WASHINGTON (AP) — President Donald Trump said he would shake up American trade policy. That he did. From Beijing to Brussels to Mexico City, he waged war with trading partners on multiple fronts. Here's a look at four tumultuous years of Trump trade policy:

TRADE WAR WITH CHINA

To rebalance America's lopsided trade gap with China, Trump's trade representative, Robert Lighthizer, targeted what critics called Beijing's drive for technological supremacy by hacking trade secrets, forcing foreign companies to hand over technology and unfairly subsidizing Chinese companies. Once negotiations fizzled, the administration imposed tariffs on about $360 billion in Chinese imports in the biggest trade conflict since the 1930s.

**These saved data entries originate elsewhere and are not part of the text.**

lemma BA_eq: "BA alpha t = (\<Union>i\<in>{1..t}. basis_elem i ` inner i)"
  unfolding BA_def basis_elem_def using nonshared_eq by (auto intro!: SUP_cong)

lemma chi_s_in_span: "chi_s alpha t k \<in> span (chi alpha t ` F)"
  using a_in_fence_iff[of k]
  by (auto simp: chi_s_def span_base span_zero zero_fun_def[symmetric])

lemma basis_elem_in_AT:
  assumes i: "1 \<le> i" "i \<le> t" and x: "x \<in> inner i"
  shows "basis_elem i x \<in> AT alpha t"
proof -
  have "basis_elem i x \<in> span (chi alpha t ` F)"
    unfolding basis_elem_def using x inner_subset_fence[OF i(2)]
    by (intro span_add span_scale span_base chi_s_in_span) auto
  moreover have "x \<in> seg_pos i ` {1..<alpha i}"
    using x bij_betw_imp_surj_on[OF bij_betw_seg_pos_inner[OF i(1)]] by simp
  then obtain m where "x = seg_pos i m" "1 \<le> m" "m < alpha i"
    by auto
  then have "equiv_const alpha t (basis_elem i x)"
    unfolding equiv_const_def using basis_elem_toggle_expansion[OF _ i] by blast
  ultimately show ?thesis
    by (simp add: AT_def)
qed

lemma subspace_equiv_const: "subspace {f. equiv_const alpha t f}"
  unfolding subspace_def
proof (intro conjI ballI allI)
  show "0 \<in> {f. equiv_const alpha t f}"
    unfolding equiv_const_def by (auto intro!: exI[of _ 0] exI[of _ "\<lambda>_. 0"])
next
  fix f g assume "f \<in> {f. equiv_const alpha t f}" "g \<in> {f. equiv_const alpha t f}"
  then obtain c1 cq1 c2 cq2
    where "\<forall>I\<in>ideals alpha t. f I = c1 + (\<Sum>q\<in>F. cq1 q * toggle alpha t q I)"
      and "\<forall>I\<in>ideals alpha t. g I = c2 + (\<Sum>q\<in>F. cq2 q * toggle alpha t q I)"
    unfolding equiv_const_def by auto
  then show "f + g \<in> {f. equiv_const alpha t f}"
    unfolding equiv_const_def
    by (auto intro!: exI[of _ "c1 + c2"] exI[of _ "\<lambda>q. cq1 q + cq2 q"] simp: distrib_right sum.distrib)
next
  fix r :: real and f assume "f \<in> {f. equiv_const alpha t f}"
  then obtain c cq where "\<forall>I\<in>ideals alpha t. f I = c + (\<Sum>q\<in>F. cq q * toggle alpha t q I)"
    unfolding equiv_const_def by auto
  then show "r *\<^sub>R f \<in> {f. equiv_const alpha t f}"
    unfolding equiv_const_def
    by (auto intro!: exI[of _ "r * c"] exI[of _ "\<lambda>q. r * cq q"]
        simp: scaleR_fun_def distrib_left sum_distrib_left mult.assoc)
qed

lemma subspace_AT: "subspace (AT alpha t)"
proof -
  have "AT alpha t = span (chi alpha t ` F) \<inter> {f. equiv_const alpha t f}"
    by (auto simp: AT_def)
  then show ?thesis
    using subspace_inter[OF subspace_span subspace_equiv_const] by simp
qed

lemma span_BA_subset_AT: "span (BA alpha t) \<subseteq> AT alpha t"
  using basis_elem_in_AT subspace_AT by (intro span_minimal) (auto simp: BA_eq)

definition seg_ideal :: "nat \<Rightarrow> nat \<Rightarrow> nat set" where
  "seg_ideal i j = seg_pos i ` {0..j} \<inter> F"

Before Trump started his trade war, the average tariff on Chinese imports was 3.1%; now, it's 19.3%. Beijing retaliated by jacking up taxes on U.S. products — from an average 8% to 20.3%, according to calculations by Chad Bown of the Peterson Institute for International Economics.

The tariffs reduced Chinese imports and helped cut America's trade deficit with China by 19% last year to its lowest point since 2013. In the first six months of 2020, the deficit has dropped an additional 21%.

In January, the two sides reached a so-called Phase 1 agreement that eased tensions but left major issues unresolved, including how China subsidizes its companies. Beijing agreed to stop forcing foreign companies to turn over technology and toughened intellectual property protection. The deal retains Trump's tariffs and lets the U.S. impose sanctions if it decides China has violated the terms of the deal.

China also agreed to buy huge amounts of U.S. products, including about $40 billion a year in farm goods — a wildly ambitious goal that far exceeds the amount Beijing has bought in any year.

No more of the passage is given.